I just wanted to get sense check on what it would actually be like to live in Houston (moving from Scotland).

I have got 2 offers on the table with my commpany - one for Calgary (Canada being my dream location) and the other a promotion in Houston (somewhere I have not been particularly keen on, especially being a single twenty something going it alone).

Does anyone have a direct comparison between the 2 cities i.e has lived/worked in both?

Can anyone give me any info on how easy/difficult it would be to live in Houston as a young (ish) single female?

I know this is pretty vague, but Houston has never been on the radar for me and EF seems to be the best place to get an idea from real people!

Thank you


----------



## BeenAround (Feb 5, 2012)

Thank you[/QUOTE]

Canada has a far superior health care system than the US, similar to what you are used to back home.

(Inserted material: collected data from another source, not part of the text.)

lemma smooth_upto_mult:
  "smooth_upto n f \<Longrightarrow> smooth_upto n g \<Longrightarrow> smooth_upto n (\<lambda>x. f x * g x)"
proof (induction n arbitrary: f g)
  case (Suc n)
  have "deriv (\<lambda>x. f x * g x) = (\<lambda>x. deriv f x * g x + f x * deriv g x)"
    using smooth_upto_has_real_derivative[OF Suc.prems(1)] smooth_upto_has_real_derivative[OF Suc.prems(2)]
    by (intro ext DERIV_imp_deriv) (auto intro!: derivative_eq_intros)
  moreover have "smooth_upto n (\<lambda>x. deriv f x * g x + f x * deriv g x)"
    using Suc.prems smooth_upto_mono[of n "Suc n"]
    by (intro smooth_upto_add Suc.IH) (auto simp: smooth_upto_Suc)
  ultimately show ?case using Suc.prems by (simp add: smooth_upto_Suc smooth_upto_differentiable)
qed (auto simp: smooth_upto_0)

lemma smooth_upto_diff:
  "smooth_upto n f \<Longrightarrow> smooth_upto n g \<Longrightarrow> smooth_upto n (\<lambda>x. f x - g x)"
  using smooth_upto_add[OF _ smooth_upto_mult[OF smooth_upto_const[of n "-1"]], of f g] by simp

lemma has_real_derivative_compose_affine:
  "(f has_real_derivative D) (at (a * x + b)) \<Longrightarrow>
    ((\<lambda>x. f (a * x + b)) has_real_derivative a * D) (at x)"
proof -
  assume "(f has_real_derivative D) (at (a * x + b))"
  moreover have "((\<lambda>x. a * x + b) has_real_derivative a) (at x)"
    by (auto intro!: derivative_eq_intros)
  ultimately show ?thesis by (metis DERIV_chain2 mult.commute)
qed

lemma smooth_upto_compose_affine: "smooth_upto n f \<Longrightarrow> smooth_upto n (\<lambda>x. f (a * x + b))"
proof (induction n arbitrary: f)
  case 0
  then show ?case
    by (auto simp: smooth_upto_0 real_differentiable_def
        intro!: has_real_derivative_compose_affine smooth_upto_has_real_derivative)
next
  case (Suc n)
  have "deriv (\<lambda>x. f (a * x + b)) = (\<lambda>x. a * deriv f (a * x + b))"
    by (intro ext DERIV_imp_deriv has_real_derivative_compose_affine
        smooth_upto_has_real_derivative[OF Suc.prems])
  moreover have "smooth_upto n (\<lambda>x. a * deriv f (a * x + b))"
    using Suc by (intro smooth_upto_mult smooth_upto_const Suc.IH) (simp add: smooth_upto_Suc)
  ultimately show ?case using Suc.prems
    by (auto simp: smooth_upto_Suc real_differentiable_def
        intro!: has_real_derivative_compose_affine smooth_upto_has_real_derivative)
qed

lemma smooth_upto_inverse:
  "smooth_upto n g \<Longrightarrow> (\<And>x. g x \<noteq> 0) \<Longrightarrow> smooth_upto n (\<lambda>x. 1 / g x)"
proof (induction n arbitrary: g)
  case 0
  then show ?case by (auto simp: smooth_upto_0 intro!: derivative_intros)
next
  case (Suc n)
  have "deriv (\<lambda>x. 1 / g x) = (\<lambda>x. - deriv g x * ((1 / g x) * (1 / g x)))"
    using Suc.prems
    by (intro ext DERIV_imp_deriv)
       (auto intro!: derivative_eq_intros smooth_upto_has_real_derivative simp: power2_eq_square)
  moreover have "smooth_upto n (\<lambda>x. - deriv g x * ((1 / g x) * (1 / g x)))"
  proof -
    have "smooth_upto n (\<lambda>x. 1 / g x)"
      using Suc.prems smooth_upto_mono[of n "Suc n"] by (intro Suc.IH) auto
    moreover have "smooth_upto n (\<lambda>x. - deriv g x)"
      using Suc.prems smooth_upto_diff[OF smooth_upto_const[of n 0], of "deriv g"]
      by (simp add: smooth_upto_Suc)
    ultimately show ?thesis by (intro smooth_upto_mult)
  qed
  ultimately show ?case using Suc.prems by (auto simp: smooth_upto_Suc intro!: derivative_intros)
qed

lemma smooth_upto_sum:
  "(\<And>i. i \<in> I \<Longrightarrow> smooth_upto n (f i)) \<Longrightarrow> smooth_upto n (\<lambda>x. \<Sum>i\<in>I. f i x)"
  by (induction I rule: infinite_finite_induct) (auto intro: smooth_upto_add smooth_upto_const)

lemma test_funI:
  assumes "\<And>n. smooth_upto n f" and "bounded {x. f x \<noteq> 0}"
  shows "test_fun f"
  using assms by (auto simp: test_fun_def smooth_upto_def compact_closure)

section \<open>A smooth step\<close>

definition flat_exp :: "real \<Rightarrow> real" where
  "flat_exp t = (if t > 0 then exp (- (1 / t)) else 0)"

definition flat_exp_poly :: "real poly \<Rightarrow> real \<Rightarrow> real" where
  "flat_exp_poly P t = (if t > 0 then poly P (1 / t) * exp (- (1 / t)) else 0)"

text \<open>The derivative of \<open>P(1/t) e\<^sup>-\<^sup>1\<^sup>/\<^sup>t\<close> is \<open>t\<^sup>-\<^sup>2 (P - P')(1/t) e\<^sup>-\<^sup>1\<^sup>/\<^sup>t\<close>.\<close>
definition flat_exp_deriv_poly :: "real poly \<Rightarrow> real poly" where
  "flat_exp_deriv_poly P = [:0, 0, 1:] * (P - pderiv P)"

lemma tendsto_poly_times_exp_neg: "((\<lambda>z::real. poly P z * z * exp (- z)) \<longlongrightarrow> 0) at_top"
proof -
  have "poly P z * z * exp (- z) = (\<Sum>i\<le>degree P. coeff P i * (z ^ Suc i / exp z))" for z
    by (simp add: poly_altdef sum_distrib_right exp_minus divide_inverse sum_distrib_left algebra_simps)
  then show ?thesis
    by (simp only:) (intro tendsto_null_sum tendsto_mult_right_zero tendsto_power_div_exp_0)
qed

lemma flat_exp_poly_has_real_derivative:
  "(flat_exp_poly P has_real_derivative flat_exp_poly (flat_exp_deriv_poly P) t) (at t)"
proof -
  consider "t > 0" | "t < 0" | "t = 0" by linarith
  then show ?thesis
  proof cases
    case 1
    have "((\<lambda>t. poly P (1 / t) * exp (- (1 / t))) has_real_derivative
        poly (pderiv P) (1 / t) * (- (1 / t\<^sup>2)) * exp (- (1 / t)) + poly P (1 / t) * (exp (- (1 / t)) * (1 / t\<^sup>2))) (at t)"
      using 1 by (auto intro!: derivative_eq_intros DERIV_chain2[OF poly_DERIV] simp: power2_eq_square field_simps)
    also have "poly (pderiv P) (1 / t) * (- (1 / t\<^sup>2)) * exp (- (1 / t)) + poly P (1 / t) * (exp (- (1 / t)) * (1 / t\<^sup>2))
        = flat_exp_poly (flat_exp_deriv_poly P) t"
      using 1 by (simp add: flat_exp_poly_def flat_exp_deriv_poly_def algebra_simps power2_eq_square)
    finally show ?thesis
      by (rule has_field_derivative_transform_within_open[of _ _ _ "{0<..}"])
         (use 1 in \<open>auto simp: flat_exp_poly_def\<close>)
  next
    case 2
    then show ?thesis
      using has_field_derivative_transform_within_open[OF DERIV_const[of 0 "at t"], of "{..<0}" "flat_exp_poly P"]
      by (auto simp: flat_exp_poly_def)
  next
    case 3
    have "((\<lambda>y. poly P (inverse y) * inverse y * exp (- inverse y)) \<longlongrightarrow> 0) (at_right 0)"
      using filterlim_compose[OF tendsto_poly_times_exp_neg filterlim_inverse_at_top_right]
      by (simp add: o_def)
    then have "((\<lambda>y. flat_exp_poly P y / y) \<longlongrightarrow> 0) (at_right 0)"
      by (rule Lim_transform_eventually)
         (auto simp: eventually_at_right_field flat_exp_poly_def field_simps intro!: exI[of _ 1])
    moreover have "((\<lambda>y. flat_exp_poly P y / y) \<longlongrightarrow> 0) (at_left 0)"
      by (rule Lim_transform_eventually[OF tendsto_const])
         (auto simp: eventually_at_left_field flat_exp_poly_def intro!: exI[of _ "-1"])
    ultimately have "((\<lambda>y. (flat_exp_poly P y - flat_exp_poly P 0) / (y - 0)) \<longlongrightarrow> 0) (at 0)"
      by (simp add: filterlim_at_split flat_exp_poly_def)
    then show ?thesis using 3 by (simp add: has_field_derivative_iff flat_exp_poly_def)
  qed
qed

American taxes are lower, but by the time you add private health insurance and other costs it is cheaper in Calgary.

We have lived in both countries and more recently in Houston, we like the Woodlands (north of Houston) but Canada as a country is so much fairer on the people and much more relaxed.

If you like the seasons, cooler weather and a more European style of government then choose Canada. If you love hot oppressive weather for 5 month of the year and fighting with health insurance companies then choose Houston.

Hope this helps.


----------